Берег
Шрифт:
«Эмма, Эмма! — остро обожгло Никитина и, глянув в темноту, где должна быть ее дверь, почувствовал, как знойно стало лицу и горячо сдвинулось, забилось в висках сердце, вспомнил тот момент, когда, конвоируемый Таткиным, утром, без ремня и погон, арестованный Гранатуровым, подымался вот сюда по лестнице, и промелькнуло что-то быстрое, белое в дверной щели, а потом стукнула наверху, прихлопнулась дверь, испуганно щелкнул изнутри ключ. — Да, в той комнате… здесь рядом Эмма, это она…»
В течение многих часов, проведенных уже под арестом в своей мансарде, он почти не думал, не вспоминал о ней с последовательной и необходимой подробностью: все, казавшееся не главным теперь, измельченным, случайным, было вытеснено из головы огромным, совершившимся, что сделал он сегодня утром, и мысль к Эмме возвращалась
— А Меженин давеча Зыкину врал, товарищ лейтенант, — стесненно проговорил Ушатиков, — навроде у вас с немкой амуры начались. Заливал по-лошадиному. Ужас как плел…
— Нет, Меженин не врал, — внезапно сказал Никитин. — Я знаком с ней.
Сигарета зарделась, Ушатиков замялся, издавая отпыхивающиеся звуки, глотая дым, выговорил:
— Как же понимать? Товарищ лейтенант… Любовь между вами? Боже мой… По-настоящему или как?
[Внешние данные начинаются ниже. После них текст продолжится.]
lemma reduced_skip_third:
  assumes "reduced (b # c # b # t)"
  shows "reduced (b # c # t)"
proof (rule reduced_Cons_Cons)
  have t: "reduced t" "t \<noteq> [] \<Longrightarrow> b \<noteq> hd t"
    and bc: "b \<noteq> c" and no_chain: "\<not> braid_chain (c # b # t)"
    using assms by (auto simp: reduced_Cons_iff)
  show "b \<noteq> c" by (fact bc)
  show "b \<noteq> hd t" if "t \<noteq> []" using t(2) that .
  from no_chain t(1) show "reduced (c # t)"
    by (cases t) (auto simp: reduced_Cons_iff braid_chain_Cons3 elim: braid_chainE)
qed

text \<open>
  Braid moves \<open>aba \<mapsto> bab\<close>, applied from the end of a braid chain \<open>x y z \<dots>\<close> back
  to its start, turn it into a word beginning with \<open>y\<close>.
\<close>
fun braid_shift :: "'a list \<Rightarrow> 'a list" where
  "braid_shift (x # y # z # t) =
     (if x = z then y # x # y # t else y # x # y # tl (braid_shift (z # t)))"
| "braid_shift s = s"

lemma length_braid_shift: "length (braid_shift s) = length s"
  by (induction s rule: braid_shift.induct) auto

lemma braid_shift_Cons3E:
  obtains R where "braid_shift (x # y # z # t) = y # x # y # R"
  by (metis braid_shift.simps(1))

lemma gain_braid_shift: "braid_chain s \<Longrightarrow> gain w (braid_shift s) = gain w s"
proof (induction s rule: braid_shift.induct)
  case (1 x y z t)
  show ?case
  proof (cases "x = z")
    case True
    then show ?thesis using gain_braid[of w x y t] by simp
  next
    case False
    with "1.prems" have chain: "braid_chain (z # t)" and "x = t!0"
      by (auto simp: braid_chain_Cons3)
    then obtain u v where "t = x # u # v" by (auto elim: braid_chainE)
    then have shift: "braid_shift (z # t) = x # tl (braid_shift (z # t))"
      by simp
    have "gain w (x # y # z # t) = gain w (x # y # braid_shift (z # t))"
      using "1.IH"[OF False chain] by (intro gain_Cons_cong) simp
    also have "\<dots> = gain w (y # x # y # tl (braid_shift (z # t)))"
      by (subst shift) (rule gain_braid)
    finally show ?thesis using False by simp
  qed
qed (auto simp: braid_chain_def)

lemma reduced_tl_braid_shift: "reduced s \<Longrightarrow> braid_chain s \<Longrightarrow> reduced (tl (braid_shift s))"
proof (induction s rule: braid_shift.induct)
  case (1 x y z t)
  show ?case
  proof (cases "x = z")
    case True
    then show ?thesis using "1.prems"(1) by (simp add: reduced_skip_third)
  next
    case False
    with "1.prems"(2) have chain: "braid_chain (z # t)" and "x = t!0"
      by (auto simp: braid_chain_Cons3)
    then obtain u v where "t = x # u # v" by (auto elim: braid_chainE)
    then obtain R where shift: "tl (braid_shift (z # t)) = z # x # R"
      by (metis braid_shift_Cons3E list.sel(3))
    have "reduced (z # t)" and yz: "y \<noteq> z" and xy: "x \<noteq> y"
      using "1.prems"(1) by (auto simp: reduced_Cons_iff)
    with "1.IH"[OF False _ chain] shift have "reduced (z # x # R)" by simp
    then have "reduced (y # z # x # R)"
      using reduced_Cons_Cons[of z "x # R" y] yz xy by auto
    then have "reduced (x # y # z # x # R)"
      using reduced_Cons_Cons[of y "z # x # R" x] xy False by auto
    with False shift show ?thesis by simp
  qed
qed (auto simp: braid_chain_def)

lemma gain_nonneg_if_reduced:
  assumes gain_Nil_nonneg: "\<And>k. 0 \<le> gain w [] k" and "reduced (c # s)"
  shows "0 \<le> gain w s c"
  using assms(2)
proof (induction "length s" arbitrary: s c rule: less_induct)
  case less
  show ?case
  proof (cases s)
    case Nil
    then show ?thesis using gain_Nil_nonneg by simp
  next
    case (Cons a s1)
    have red_a: "reduced (a # s1)" and ca: "c \<noteq> a"
      using less.prems Cons by (auto simp: reduced_Cons_iff)
    consider "reduced (c # s1)" | s2 where "s1 = c # s2" | "braid_chain s1" "c = s1!1"
      using red_a reduced_Cons_iff[of a s1] reduced_Cons_iff[of c s1] by (cases s1) auto
    then show ?thesis
    proof cases
      case 1
      have "0 \<le> gain w s1 a" using less.hyps[of s1 a] red_a Cons by simp
      moreover have "0 \<le> gain w s1 c" using less.hyps[of s1 c] 1 Cons by simp
      ultimately show ?thesis using ca Cons by (simp add: gain_Cons)
    next
      case (2 s2)
      have "reduced (a # s2)"
        using reduced_skip_third[of c a s2] less.prems Cons 2 by (simp add: reduced_Cons_iff)
      then have "0 \<le> gain w s2 a" using less.hyps[of s2 a] Cons 2 by simp
      then show ?thesis using ca Cons 2 by (simp add: gain_Cons)
    next
      case 3
      then obtain b z t where s1: "s1 = b # c # z # t" by (auto elim: braid_chainE)
      then obtain R where shift: "braid_shift s1 = c # b # c # R" by (metis braid_shift_Cons3E)
      have "reduced (b # c # R)"
        using reduced_tl_braid_shift[of s1] red_a 3 shift by (simp add: reduced_Cons_iff)
      moreover have "a \<noteq> b" using red_a s1 by (simp add: reduced_Cons_iff)
      ultimately have "reduced (a # b # c # R)"
        using reduced_Cons_Cons[of b "c # R" a] ca by auto
      moreover have "length (b # c # R) < length s"
        using length_braid_shift[of s1] shift Cons by simp
      ultimately have "0 \<le> gain w (b # c # R) a" using less.hyps by blast
      moreover have "gain w s = gain w (a # c # b # c # R)"
        using gain_Cons_cong[OF gain_braid_shift[OF 3(1)], of w a] shift Cons by simp
      ultimately show ?thesis using ca by (simp add: gain_Cons)
    qed
  qed
qed

theorem lemma4p4:
  fixes w :: "real ^ 5" and i :: 5 and ws :: "5 list"
  assumes "\<forall>k::5. wmass w (Rmat k) \<ge> wmass w (mat 1)"
    and "reduced (i # ws)"
  shows "wmass w (word_mat (i # ws)) \<ge> wmass w (word_mat ws)"
proof -
  have "0 \<le> gain w ws i"
    using gain_nonneg_if_reduced[OF _ assms(2)] assms(1) by (simp add: gain_Nil)
  then show ?thesis unfolding gain_def by simp
qed

end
Как же это такое?..
— Не знаю.
И какое-то новое противоречивое чувство испытал Никитин. Да, конечно, Эмма должна была слышать выстрелы, крики внизу, затем могла видеть в щелку, как его вели по лестнице без ремня и погон, и тут же, вероятно, могла подумать, что несчастье случилось из-за нее, перепугалась, заперлась в комнате, плача там, одна, временами подходя к двери, в робости не осмеливаясь уже открыть дверь, выйти: часовой стоял на лестничной площадке, подобно угрозе, и никто не хотел ничего объяснить ей. И Никитин со злым стыдом к своей насильной попытке не думать, забыть, отдалить все, что напоминало об Эмме, об их несправедливой близости, что внушал он себе, предавая и себя, и ее этим защитным самообманом, понял («комбат на улицу ее не велел выпускать»), что подспудно тяготило его весь день.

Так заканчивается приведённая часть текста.